= Tropical Forest Forever Facility =

Forest conservation sovereign investment institution

Tropical and sub-tropical moist broadleaf forests, the biome to be conserved through the TFFF

The Tropical Forest Forever Facility (TFFF) is a proposed blended-finance mechanism to prevent the deforestation and degradation of moist broadleaf forests. The goal is to turn forests into a protected assets and provide forested countries with a financial incentive protect them.

The fund would use profits from capital market investments to provide results-based payments to rainforest countries. The mechanism was proposed by the Brazilian government with the aim of launching the facility at COP30 in Belem, Brazil in November 2025.

== History ==
A version of this fund concept was originally proposed by World Bank treasurer Kenneth Lay in the 2000s. The mechanism, then called the Tropical Forest Finance Facility received broader attention through an article Lay co-wrote for The Center for Global Development. The current iteration was announced at COP28 in Dubai, UAE in 2023 by Brazil’s Environment Minister Marina Silva and Finance Minister Fernando Haddad.

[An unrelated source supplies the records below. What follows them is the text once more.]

lemma tail_moment_tendsto_0: "has_moment p M \<Longrightarrow> 0 \<le> p \<Longrightarrow> (\<lambda>n. tail_moment p M n) \<longlonglongrightarrow> 0"
  unfolding tail_moment_def
  by (intro set_integral_quantile_tails_tendsto_0 set_integrable_quantile_of_abs_diff_powr)

lemma tail_moment_powr_le:
  assumes "0 < r" "r < s" "has_moment r M" "has_moment s M" "2 \<le> n"
  shows "n powr (1 - r/s) * tail_moment r M n \<le> 3 * (tail_moment s M n + 1/n) powr (r/s)"
proof -
  have "0 \<le> r" "0 \<le> s"
    using assms(1,2) by simp_all
  then show ?thesis
    using set_integral_powr_le_higher_moment[of r s n 2 "quantile_tails n" lborel] assms
      set_integrable_quantile_tail[OF assms(3) _ quantile_tails_subset sets_quantile_tails]
      set_integrable_quantile_tail[OF assms(4) _ quantile_tails_subset sets_quantile_tails]
      measure_quantile_tails[OF assms(5)] emeasure_quantile_tails_finite
    by (simp add: tail_moment_def)
qed

lemma tail_moment_le_bounded_supp:
  assumes C: "\<And>x. x \<in> supp_of M \<Longrightarrow> \<bar>x\<bar> \<le> C" and "0 \<le> p" "has_moment p M" "2 \<le> n"
  shows "tail_moment p M n \<le> 2 / n * (2 * C) powr p"
proof -
  have "\<bar>quantile_of M t - quantile_of M (1/2)\<bar> powr p \<le> (2 * C) powr p" if "t \<in> quantile_tails n" for t
  proof -
    have "t \<in> {0<..<1}"
      using that quantile_tails_subset by blast
    then have "\<bar>quantile_of M t\<bar> \<le> C" "\<bar>quantile_of M (1/2)\<bar> \<le> C"
      by (auto intro!: C quantile_of_in_supp)
    then show ?thesis using assms(2) by (intro powr_mono2) auto
  qed
  then have "tail_moment p M n \<le> measure lborel (quantile_tails n) * (2 * C) powr p"
    unfolding tail_moment_def using quantile_tails_subset assms
    by (intro set_integral_le_measure_mult set_integrable_quantile_tail emeasure_quantile_tails_finite) auto
  then show ?thesis
    by (simp add: measure_quantile_tails[OF assms(4)])
qed

lemma
  assumes "2 \<le> n"
  shows clamped_quantile_ge: "quantile_of M (1/n) \<le> clamped_quantile M n t"
    and clamped_quantile_le: "clamped_quantile M n t \<le> quantile_of M (1 - 1/n)"
    and mono_clamped_quantile: "mono (clamped_quantile M n)"
proof -
  have n: "0 < 1 / real n" "1 / real n \<le> 1 - 1 / n" "1 - 1 / real n < 1"
    using assms by (auto simp: field_simps)
  show "quantile_of M (1/n) \<le> clamped_quantile M n t" "clamped_quantile M n t \<le> quantile_of M (1 - 1/n)"
    unfolding clamped_quantile_def using n
    by (auto intro!: quantile_of_mono simp: less_max_iff_disj min_less_iff_disj)
  show "mono (clamped_quantile M n)"
    unfolding clamped_quantile_def using n
    by (auto intro!: monoI quantile_of_mono simp: less_max_iff_disj min_less_iff_disj)
qed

== Government endorsements ==
The governments of France, Germany, Colombia, the UAE, Malaysia, Singapore and Norway have endorsed the facility or expressed interest in investing. Germany and Norway are amongst the largest donors for tropical forest conservation, along with the UK. The UK declined to fund the Tropical Forests Forever Facility at the COP30 summit.

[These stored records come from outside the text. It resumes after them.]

(* Assume (A1)–(A3). If $m_2<0$, then for every $k\ge0$ there exist $C>0$, $\theta>0$ and $\tilde\theta>0$ such that for all $i\ge k_0$ and $j,\ell\in\mathbb Z$, \[\mathbb P_{(i,j)}\bigl(Y_1(T_1^k)=\ell\bigr)\le C\exp(-\theta(\ell-j)-\tilde\theta i),\] where $T_1^k=\inf\{n>0: X_1(n)\le\max(k_0-1,k)\}$.
   Context: Let $\mathbb N=\{0,1,2,\dots\}$ and fix an integer $k_0\ge1$. Let $\mu$, $\mu'_j$ ($0\le j<k_0$), $\mu''_i$ ($0\le i<k_0$), $\mu_{ij}$ ($0\le i,j<k_0$) be probability measures on $\mathbb Z^2$. The random walk $Z=(X(n),Y(n))$ on $\mathbb N^2$ has transition probabilities $p((i,j)\to(i',j'))$ equal to $\mu(i'-i,j'-j)$ if $i,j\ge k_0$; $\mu'_j(i'-i,j'-j)$ if $i\ge k_0$, $0\le j<k_0$; $\mu''_i(i'-i,j'-j)$ if $0\le i<k_0$, $j\ge k_0$; $\mu_{ij}(i'-i,j'-j)$ if $0\le i,j<k_0$. Assumptions: (A1) $\mu(a,b)=0$ if $a<-k_0$ or $b<-k_0$; $\mu'_j(a,b)=0$ if $a<-k_0$ or $b<-j$; $\mu''_i(a,b)=0$ if $b<-k_0$ or $a<-i$; $\mu_{ij}(a,b)=0$ if $a<-i$ or $b<-j$. (A2) There are $\delta,\gamma,C>0$ with $\sup_{(i,j)\in\mathbb N^2}\mathbb E_{(i,j)}[\exp(\delta(X(1)-i)+\gamma(Y(1)-j))]\le C$. (A3) $Z_0,Z_1,Z_2,Z$ are irreducible on their state spaces. $Z_0$: random walk on $\mathbb Z^2$ with increment law $\mu$; $m_2=\sum b\mu(a,b)$. $Z_1=(X_1,Y_1)$: Markov chain on $\mathbb N\times\mathbb Z$ with transitions $\mu(i'-i,j'-j)$ from $(i,j)$ if $i\ge k_0$ and $\mu''_i(i'-i,j'-j)$ if $0\le i<k_0$; $\mathbb P_{(i,j)}$ is its law from $(i,j)$. $Z_2$: Markov chain on $\mathbb Z\times\mathbb N$ with transitions $\mu$ if $j\ge k_0$ and $\mu'_j$ if $0\le j<k_0$. *)

theory Defs
  imports "HOL-Probability.Probability"
begin

type_synonym state = "int \<times> int"

definition shift :: "state \<Rightarrow> state pmf \<Rightarrow> state pmf" where
  "shift z m = map_pmf (\<lambda>d. (fst z + fst d, snd z + snd d)) m"

definition K0 :: "state pmf \<Rightarrow> state \<Rightarrow> state pmf" where
  "K0 \<mu> z = shift z \<mu>"

definition K1 :: "nat \<Rightarrow> state pmf \<Rightarrow> (nat \<Rightarrow> state pmf) \<Rightarrow> state \<Rightarrow> state pmf" where
  "K1 k0 \<mu> \<mu>2 z = shift z (if fst z \<ge> int k0 then \<mu> else \<mu>2 (nat (fst z)))"

definition K2 :: "nat \<Rightarrow> state pmf \<Rightarrow> (nat \<Rightarrow> state pmf) \<Rightarrow> state \<Rightarrow> state pmf" where
  "K2 k0 \<mu> \<mu>1 z = shift z (if snd z \<ge> int k0 then \<mu> else \<mu>1 (nat (snd z)))"

text \<open>Kernel of Z on N^2. Arguments: \<mu>, \<mu>'_j, \<mu>''_i, \<mu>_{ij}.\<close>
definition KZ :: "nat \<Rightarrow> state pmf \<Rightarrow> (nat \<Rightarrow> state pmf) \<Rightarrow> (nat \<Rightarrow> state pmf)
                  \<Rightarrow> (nat \<Rightarrow> nat \<Rightarrow> state pmf) \<Rightarrow> state \<Rightarrow> state pmf" where
  "KZ k0 \<mu> \<mu>1 \<mu>2 \<mu>12 z = shift z
     (if fst z \<ge> int k0 \<and> snd z \<ge> int k0 then \<mu>
      else if fst z \<ge> int k0 then \<mu>1 (nat (snd z))
      else if snd z \<ge> int k0 then \<mu>2 (nat (fst z))
      else \<mu>12 (nat (fst z)) (nat (snd z)))"

definition irreducible_on :: "state set \<Rightarrow> (state \<Rightarrow> state pmf) \<Rightarrow> bool" where
  "irreducible_on S K \<longleftrightarrow>
     (\<forall>x\<in>S. \<forall>y\<in>S. (\<lambda>u v. pmf (K u) v > 0)\<^sup>*\<^sup>* x y)"

text \<open>hit K L n z w = P_z(T = n+1 and Z(T) = w), where T = inf{n>0 : first coordinate \<le> L}.\<close>
fun hit :: "(state \<Rightarrow> state pmf) \<Rightarrow> int \<Rightarrow> nat \<Rightarrow> state \<Rightarrow> state \<Rightarrow> real" where
  "hit K L 0 z w = (if fst w \<le> L then pmf (K z) w else 0)"
| "hit K L (Suc n) z w =
     infsum (\<lambda>v. pmf (K z) v * hit K L n v w) {v. fst v > L}"

text \<open>P_z(Y(T) = l) with T as above (the event implies T < \<infinity>).\<close>
definition hitY :: "(state \<Rightarrow> state pmf) \<Rightarrow> int \<Rightarrow> state \<Rightarrow> int \<Rightarrow> real" where
  "hitY K L z l = infsum (\<lambda>n. infsum (\<lambda>i'. hit K L n z (i', l)) UNIV) UNIV"

end

theory Submission
  imports Defs
begin

(* In the region x >= k0 the chain Z1 moves like the random walk with increment law mu.
   Because mu has exponential moments (A2 at (k0, k0) together with the lower bound A1 on
   its support), one can tilt the direction slightly: for small c > 0 the functional
   Y - c X still has negative mean, and Cramer's second-order argument yields s > 0 with
   E exp (s (Y - c X)) <= 1.  Then f (x, y) = exp (s (y - c x)) is superharmonic for Z1 on
   x >= k0, and optional stopping at T = T_1^k gives
   f (i, j) >= E [f (Z1 T); Y1 T = l] >= exp (s (l - c L)) P (Y1 T = l), L = max (k0 - 1) k,
   which is the claim with theta = s and theta' = s c. *)

lemma has_sum_pmf_expectation:
  fixes p :: "'a pmf" and f :: "'a \<Rightarrow> real"
  assumes "integrable (measure_pmf p) f"
  shows "((\<lambda>x. pmf p x * f x) has_sum measure_pmf.expectation p f) UNIV"
proof -
  have "integrable (count_space UNIV) (\<lambda>x. pmf p x *\<^sub>R f x)"
    using assms by (subst (asm) measure_pmf_eq_density, subst (asm) integrable_density) auto
  then have "Infinite_Set_Sum.abs_summable_on (\<lambda>x. pmf p x * f x) UNIV"
    by (simp add: abs_summable_on_def)
  then have "(\<lambda>x. pmf p x * f x) summable_on UNIV"
    by (simp add: abs_summable_equivalent[symmetric] abs_summable_summable)
  moreover have "infsum (\<lambda>x. pmf p x * f x) UNIV = measure_pmf.expectation p f"
    using \<open>Infinite_Set_Sum.abs_summable_on _ _\<close>
    by (simp add: pmf_expectation_eq_infsetsum infsetsum_infsum)
  ultimately show ?thesis by (simp add: has_sum_iff)
qed

lemma has_sum_sum:
  fixes g :: "'i \<Rightarrow> 'a \<Rightarrow> 'b::topological_comm_monoid_add"
  assumes "finite I" "\<And>i. i \<in> I \<Longrightarrow> (g i has_sum s i) A"
  shows "((\<lambda>x. \<Sum>i\<in>I. g i x) has_sum (\<Sum>i\<in>I. s i)) A"
  using assms by (induction I rule: finite_induct) (auto intro: has_sum_add)

lemma nonneg_summable_on_bounded:
  fixes g :: "'a \<Rightarrow> real"
  assumes "\<And>x. x \<in> A \<Longrightarrow> 0 \<le> g x" "\<And>F. finite F \<Longrightarrow> F \<subseteq> A \<Longrightarrow> sum g F \<le> B"
  shows "g summable_on A"
  using assms by (intro nonneg_bdd_above_summable_on) (auto simp: bdd_above_def)

lemma sum_add_infsum_le_has_sum:
  fixes g :: "'a \<Rightarrow> real"
  assumes "(g has_sum s) UNIV" "\<And>x. 0 \<le> g x" "finite E" "E \<inter> R = {}"
  shows "sum g E + infsum g R \<le> s"
proof -
  have summable: "g summable_on A" for A
    using assms(1) has_sum_imp_summable summable_on_subset_banach by blast
  have "sum g E + infsum g R = infsum g (E \<union> R)"
    using assms(3,4) by (simp add: infsum_Un_disjoint summable)
  also have "\<dots> \<le> infsum g UNIV" by (intro infsum_mono2 summable) (auto simp: assms(2))
  also have "\<dots> = s" using assms(1) by (simp add: infsumI)
  finally show ?thesis .
qed

lemma infsum_infsum_le_of_partial_sums_le:
  fixes g :: "nat \<Rightarrow> 'a \<Rightarrow> real"
  assumes nonneg: "\<And>n x. 0 \<le> g n x"
    and bounded: "\<And>N F. finite F \<Longrightarrow> (\<Sum>n<N. \<Sum>x\<in>F. g n x) \<le> B"
  shows "(\<Sum>\<^sub>\<infinity>n. \<Sum>\<^sub>\<infinity>x. g n x) \<le> B"
proof -
  have summable: "g n summable_on UNIV" for n
  proof (rule nonneg_summable_on_bounded)
    fix F :: "'a set" assume "finite F"
    have "sum (g n) F \<le> (\<Sum>m<Suc n. \<Sum>x\<in>F. g m x)"
      by (rule member_le_sum[where f = "\<lambda>m. \<Sum>x\<in>F. g m x"]) (auto intro: sum_nonneg nonneg)
    also have "\<dots> \<le> B" using bounded \<open>finite F\<close> .
    finally show "sum (g n) F \<le> B" .
  qed (rule nonneg)
  have initial_segment: "(\<Sum>n<N. \<Sum>\<^sub>\<infinity>x. g n x) \<le> B" for N
  proof (rule has_sum_le_finite_sums)
    show "((\<lambda>x. \<Sum>n<N. g n x) has_sum (\<Sum>n<N. \<Sum>\<^sub>\<infinity>x. g n x)) UNIV"
      using summable by (intro has_sum_sum) auto
    show "(\<Sum>x\<in>F. \<Sum>n<N. g n x) \<le> B" if "finite F" for F
      using bounded[OF that] by (simp add: sum.swap[of _ F])
  qed
  have finite_sums: "(\<Sum>n\<in>S. \<Sum>\<^sub>\<infinity>x. g n x) \<le> B" if "finite S" for S
  proof -
    obtain N where "S \<subseteq> {..<N}" using finite_nat_bounded[OF \<open>finite S\<close>] by blast
    then have "(\<Sum>n\<in>S. \<Sum>\<^sub>\<infinity>x. g n x) \<le> (\<Sum>n<N. \<Sum>\<^sub>\<infinity>x. g n x)"
      by (intro sum_mono2) (auto intro: infsum_nonneg nonneg)
    also have "\<dots> \<le> B" by (rule initial_segment)
    finally show ?thesis .
  qed
  show ?thesis
    by (intro infsum_le_finite_sums nonneg_summable_on_bounded[where B = B] finite_sums)
       (auto intro: infsum_nonneg nonneg)
qed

During a visit to Brazil in December 2024, then U.S. President Biden endorsed the TFFF.

== Technical advisors ==
The World Bank, the U.N. Development Programme, the Organization for Economic Cooperation and Development, as well as the Wildlife Conservation Society, Conservation International, and Campaign for Nature are technical advisors to the TFFF.

== Proposed structure ==
The program would consist of two primary institutions, the TFFF and the Tropical Forest Investment Facility (TFIF).

The TFIF is to be a $125 billion fund, constituted through a mix of public and private investments hosted at a Multilateral Development Bank, possibly the World Bank. These funds are to be invested in predominantly global south sovereign bonds. The profits from the fund, after interest payments to the investors, would be dispersed to the TFFF.

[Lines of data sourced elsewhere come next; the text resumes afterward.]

definition adj_eigenvalues :: "'a set \<Rightarrow> 'a set set \<Rightarrow> real set" where
  "adj_eigenvalues V E = {l. \<exists>x :: 'a \<Rightarrow> real. (\<exists>v\<in>V. x v \<noteq> 0) \<and>
      (\<forall>u\<in>V. (\<Sum>v\<in>{v\<in>V. {u, v} \<in> E}. x v) = l * x u)}"

definition lambda_min :: "'a set \<Rightarrow> 'a set set \<Rightarrow> real" where
  "lambda_min V E = Min (adj_eigenvalues V E)"

definition is_clique :: "'a set \<Rightarrow> 'a set set \<Rightarrow> 'a set \<Rightarrow> bool" where
  "is_clique V E K \<longleftrightarrow> K \<subseteq> V \<and> finite K \<and> card K \<ge> 2 \<and>
      (\<forall>u\<in>K. \<forall>v\<in>K. u \<noteq> v \<longrightarrow> {u, v} \<in> E)"

definition clique_partition :: "'a set \<Rightarrow> 'a set set \<Rightarrow> nat \<Rightarrow> 'a set multiset \<Rightarrow> bool" where
  "clique_partition V E mu \<K> \<longleftrightarrow> (\<forall>K\<in>#\<K>. is_clique V E K) \<and>
      (\<forall>e\<in>E. size (filter_mset (\<lambda>K. e \<subseteq> K) \<K>) = mu)"

definition r_at :: "'a set multiset \<Rightarrow> 'a \<Rightarrow> nat" where
  "r_at \<K> u = size (filter_mset (\<lambda>K. u \<in> K) \<K>)"

definition r_max :: "'a set \<Rightarrow> 'a set multiset \<Rightarrow> nat" where
  "r_max V \<K> = Max (r_at \<K> ` V)"

definition ess_step :: "'a set multiset \<Rightarrow> 'a set \<Rightarrow> 'a set" where
  "ess_step \<K> W = W - {v. \<exists>K\<in>#\<K>. K \<inter> W = {v}}"

text \<open>V^1, then iterate; the decreasing sequence stabilizes at its intersection.\<close>
definition essential :: "'a set \<Rightarrow> 'a set multiset \<Rightarrow> 'a set" where
  "essential V \<K> = (\<Inter>i. (ess_step \<K> ^^ i) {u\<in>V. r_at \<K> u = r_max V \<K>})"

definition induced_edges :: "'a set set \<Rightarrow> 'a set \<Rightarrow> 'a set set" where
  "induced_edges E W = {e\<in>E. e \<subseteq> W}"

definition restrict_partition :: "'a set multiset \<Rightarrow> 'a set \<Rightarrow> 'a set multiset" where
  "restrict_partition \<K> W = image_mset (\<lambda>K. K \<inter> W) (filter_mset (\<lambda>K. K \<inter> W \<noteq> {}) \<K>)"

end

theory Submission
  imports Defs "Jordan_Normal_Form.Spectral_Radius"
begin

(*
  For a clique partition of mu G, counting the cliques through each vertex gives
    mu <x, A x> = (SUM K. (SUM u:K. x u)^2) - (SUM u. r_u (x u)^2),
  so every eigenvalue of A is at least -r/mu, where r = max r_u, and the eigenvectors attaining
  -r/mu are exactly the nonzero vectors that sum to zero on every clique and vanish at every u
  with r_u < r. Such a vector also vanishes at any vertex that is the only survivor of some
  clique during the peeling V^1, V^2, ..., so its support lies in the essential set V^*. On V^*
  every vertex has r_u = r, so the vector is an eigenvector of G^* for the bound of K^*, which is
  again -r/mu; conversely such eigenvectors of G^* extend by zero to G. Since -r/mu is a lower
  bound for both spectra, it is the least eigenvalue of G exactly when it is that of G^*.
*)

definition adj_sum :: "'a set \<Rightarrow> 'a set set \<Rightarrow> ('a \<Rightarrow> 'b::comm_monoid_add) \<Rightarrow> 'a \<Rightarrow> 'b" where
  "adj_sum V E x u = (\<Sum>v\<in>{v\<in>V. {u, v} \<in> E}. x v)"

definition adj_eigenpair :: "'a set \<Rightarrow> 'a set set \<Rightarrow> 'b::field \<Rightarrow> ('a \<Rightarrow> 'b) \<Rightarrow> bool" where
  "adj_eigenpair V E l x \<longleftrightarrow> (\<exists>v\<in>V. x v \<noteq> 0) \<and> (\<forall>u\<in>V. adj_sum V E x u = l * x u)"

lemma adj_eigenvalues_eq: "adj_eigenvalues V E = {l. \<exists>x. adj_eigenpair V E l x}"
  unfolding adj_eigenvalues_def adj_eigenpair_def adj_sum_def ..

definition adjacency_matrix :: "nat \<Rightarrow> (nat \<Rightarrow> 'a) \<Rightarrow> 'a set set \<Rightarrow> 'b::field mat" where
  "adjacency_matrix n f E = mat n n (\<lambda>(i, j). if {f i, f j} \<in> E then 1 else 0)"

lemma adjacency_matrix_carrier [simp]: "adjacency_matrix n f E \<in> carrier_mat n n"
  by (simp add: adjacency_matrix_def)

lemma adjacency_matrix_mult_vec:
  assumes bij: "bij_betw f {0..<n} V" and "i < n"
  shows "(adjacency_matrix n f E *\<^sub>v vec n (x \<circ> f)) $ i = adj_sum V E x (f i)"
proof -
  have "(adjacency_matrix n f E *\<^sub>v vec n (x \<circ> f)) $ i
      = (\<Sum>j\<in>{0..<n}. (\<lambda>v. if {f i, v} \<in> E then x v else 0) (f j))"
    using \<open>i < n\<close> by (auto simp: adjacency_matrix_def scalar_prod_def intro: sum.cong)
  also have "\<dots> = (\<Sum>v\<in>V. if {f i, v} \<in> E then x v else 0)"
    by (rule sum.reindex_bij_betw[OF bij])
  also have "\<dots> = adj_sum V E x (f i)"
    using bij_betw_finite[OF bij] by (simp add: adj_sum_def sum.inter_filter)
  finally show ?thesis .
qed

lemma eigenvalue_adjacency_matrix_iff:
  assumes bij: "bij_betw f {0..<n} V"
  shows "eigenvalue (adjacency_matrix n f E) l \<longleftrightarrow> (\<exists>x. adj_eigenpair V E l x)"
proof
  assume "eigenvalue (adjacency_matrix n f E) l"
  then obtain w where w: "w \<in> carrier_vec n" "w \<noteq> 0\<^sub>v n"
    and eig: "adjacency_matrix n f E *\<^sub>v w = l \<cdot>\<^sub>v w"
    unfolding eigenvalue_def eigenvector_def by (auto simp: adjacency_matrix_def)
  define x where "x v = w $ inv_into {0..<n} f v" for v
  have w_eq: "w = vec n (x \<circ> f)"
    using w(1) bij by (auto simp: x_def bij_betw_inv_into_left)
  obtain i where i: "i < n" "w $ i \<noteq> 0"
    using w by (metis carrier_vecD eq_vecI index_zero_vec)
  have "f i \<in> V" "x (f i) \<noteq> 0"
    using bij i w_eq by (auto dest: bij_betwE)
  moreover have "adj_sum V E x u = l * x u" if "u \<in> V" for u
  proof -
    obtain j where j: "j < n" "u = f j"
      using bij \<open>u \<in> V\<close> by (metis atLeastLessThan_iff bij_betw_iff_bijections)
    have "adj_sum V E x u = (adjacency_matrix n f E *\<^sub>v w) $ j"
      unfolding w_eq j(2) by (rule adjacency_matrix_mult_vec[OF bij j(1), symmetric])
    also have "\<dots> = l * x u"
      using eig j w_eq by simp
    finally show ?thesis .
  qed
  ultimately show "\<exists>x. adj_eigenpair V E l x"
    unfolding adj_eigenpair_def by blast
next
  assume "\<exists>x. adj_eigenpair V E l x"
  then obtain x where nz: "\<exists>v\<in>V. x v \<noteq> 0" and eig: "\<forall>u\<in>V. adj_sum V E x u = l * x u"
    unfolding adj_eigenpair_def by blast
  define w where "w = vec n (x \<circ> f)"
  have "w \<noteq> 0\<^sub>v n"
    using nz bij by (auto simp: w_def bij_betw_iff_bijections vec_eq_iff)
  moreover have "adjacency_matrix n f E *\<^sub>v w = l \<cdot>\<^sub>v w"
  proof (rule eq_vecI)
    fix i assume "i < dim_vec (l \<cdot>\<^sub>v w)"
    then have i: "i < n" by (simp add: w_def)
    have "(adjacency_matrix n f E *\<^sub>v w) $ i = adj_sum V E x (f i)"
      unfolding w_def by (rule adjacency_matrix_mult_vec[OF bij i])
    also have "\<dots> = (l \<cdot>\<^sub>v w) $ i"
      using eig bij i by (auto simp: w_def dest: bij_betwE)
    finally show "(adjacency_matrix n f E *\<^sub>v w) $ i = (l \<cdot>\<^sub>v w) $ i" .
  qed (simp add: adjacency_matrix_def w_def)
  ultimately show "eigenvalue (adjacency_matrix n f E) l"
    unfolding eigenvalue_def eigenvector_def
    by (intro exI[of _ w]) (simp add: w_def adjacency_matrix_def)
qed

lemma finite_adj_eigenvalues:
  assumes "finite V"
  shows "finite (adj_eigenvalues V E)"
proof -
  obtain f where bij: "bij_betw f {0..<card V} V"
    using assms ex_bij_betw_nat_finite by blast
  have "adj_eigenvalues V E = spectrum (adjacency_matrix (card V) f E :: real mat)"
    by (auto simp: adj_eigenvalues_eq spectrum_def eigenvalue_adjacency_matrix_iff[OF bij])
  then show ?thesis
    using card_finite_spectrum(1)[OF adjacency_matrix_carrier] by simp
qed

text \<open>The adjacency operator is symmetric, so its complex eigenvalues are real:
  \<open>\<Sum>\<^sub>u conj(x u) (A x) u\<close> equals both its own conjugate and \<open>z \<Sum>\<^sub>u |x u|\<^sup>2\<close>.\<close>
lemma adj_eigenpair_complex_Reals:
  fixes x :: "'a \<Rightarrow> complex"
  assumes fin: "finite V" and eig: "adj_eigenpair V E z x"
  shows "z \<in> \<real>"
proof -
  define T where "T = (\<Sum>u\<in>V. cnj (x u) * adj_sum V E x u)"
  define S where "S = (\<Sum>u\<in>V. (cmod (x u))\<^sup>2)"
  have T_pairs: "T = (\<Sum>u\<in>V. \<Sum>v\<in>V. if {u, v} \<in> E then cnj (x u) * x v else 0)"
    unfolding T_def adj_sum_def using fin
    by (simp add: sum.inter_filter sum_distrib_left if_distrib cong: if_cong)
  have "cnj T = (\<Sum>v\<in>V. \<Sum>u\<in>V. if {u, v} \<in> E then x u * cnj (x v) else 0)"
    unfolding T_pairs by (subst sum.swap) (simp add: cnj_sum if_distrib cong: if_cong)
  also have "\<dots> = T"
    unfolding T_pairs by (intro sum.cong refl) (auto simp: insert_commute mult.commute)
  finally have cnj_T: "cnj T = T" .
  have "T = (\<Sum>u\<in>V. z * of_real ((cmod (x u))\<^sup>2))"
    unfolding T_def
  proof (intro sum.cong refl)
    fix u assume "u \<in> V"
    then have "adj_sum V E x u = z * x u"
      using eig by (simp add: adj_eigenpair_def)
    then show "cnj (x u) * adj_sum V E x u = z * of_real ((cmod (x u))\<^sup>2)"
      using complex_norm_square[of "x u"] by (simp add: algebra_simps)
  qed
  then have T_eq: "T = z * of_real S"
    by (simp add: S_def sum_distrib_left)
  obtain v where "v \<in> V" "x v \<noteq> 0"
    using eig by (auto simp: adj_eigenpair_def)
  then have "S > 0"
    unfolding S_def using fin by (intro sum_pos2) auto
  have "cnj z * of_real S = z * of_real S"
    using cnj_T T_eq by (metis complex_cnj_complex_of_real complex_cnj_mult)
  with \<open>S > 0\<close> show ?thesis
    by (simp add: Reals_cnj_iff)
qed

lemma adj_eigenvalue_of_complex_eigenpair:
  fixes x :: "'a \<Rightarrow> complex"
  assumes eig: "adj_eigenpair V E (of_real l) x"
  shows "l \<in> adj_eigenvalues V E"
proof -
  have eig_Re: "adj_sum V E (Re \<circ> x) u = l * Re (x u)"
    and eig_Im: "adj_sum V E (Im \<circ> x) u = l * Im (x u)" if "u \<in> V" for u
  proof -
    have "adj_sum V E x u = of_real l * x u"
      using eig that by (simp add: adj_eigenpair_def)
    then have "Re (adj_sum V E x u) = l * Re (x u)" "Im (adj_sum V E x u) = l * Im (x u)"
      by simp_all
    then show "adj_sum V E (Re \<circ> x) u = l * Re (x u)" "adj_sum V E (Im \<circ> x) u = l * Im (x u)"
      by (simp_all add: adj_sum_def Re_sum Im_sum)
  qed
  obtain v where "v \<in> V" "x v \<noteq> 0"
    using eig by (auto simp: adj_eigenpair_def)
  then have "adj_eigenpair V E l (Re \<circ> x) \<or> adj_eigenpair V E l (Im \<circ> x)"
    using eig_Re eig_Im by (auto simp: adj_eigenpair_def complex_eq_iff)
  then show ?thesis
    unfolding adj_eigenvalues_eq by blast
qed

The TFFF uses the funds to reward countries for protecting those forests.

To be eligible to receive funds, a country must:

- Have tropical moist broadleaf forests
- A deforestation rate below 0.5%
- Not be a high-income country (as classified by UNCTAD)

=== Proposed disbursements ===
Rainforest countries would receive US$4 for every hectare of intact forest as budget contributions. For each hectare deforested that year, a deduction of US$400 is made from that sum. For each hectare degraded, US$100 are deducted. If deductions exceed the payout, countries are not required to pay a penalty. Previously deforested or degraded ecosystems that are fully restored become eligible for payouts again.

20% of total disbursements are to be passed along by the receiving countries to their "indigenous peoples and local communities".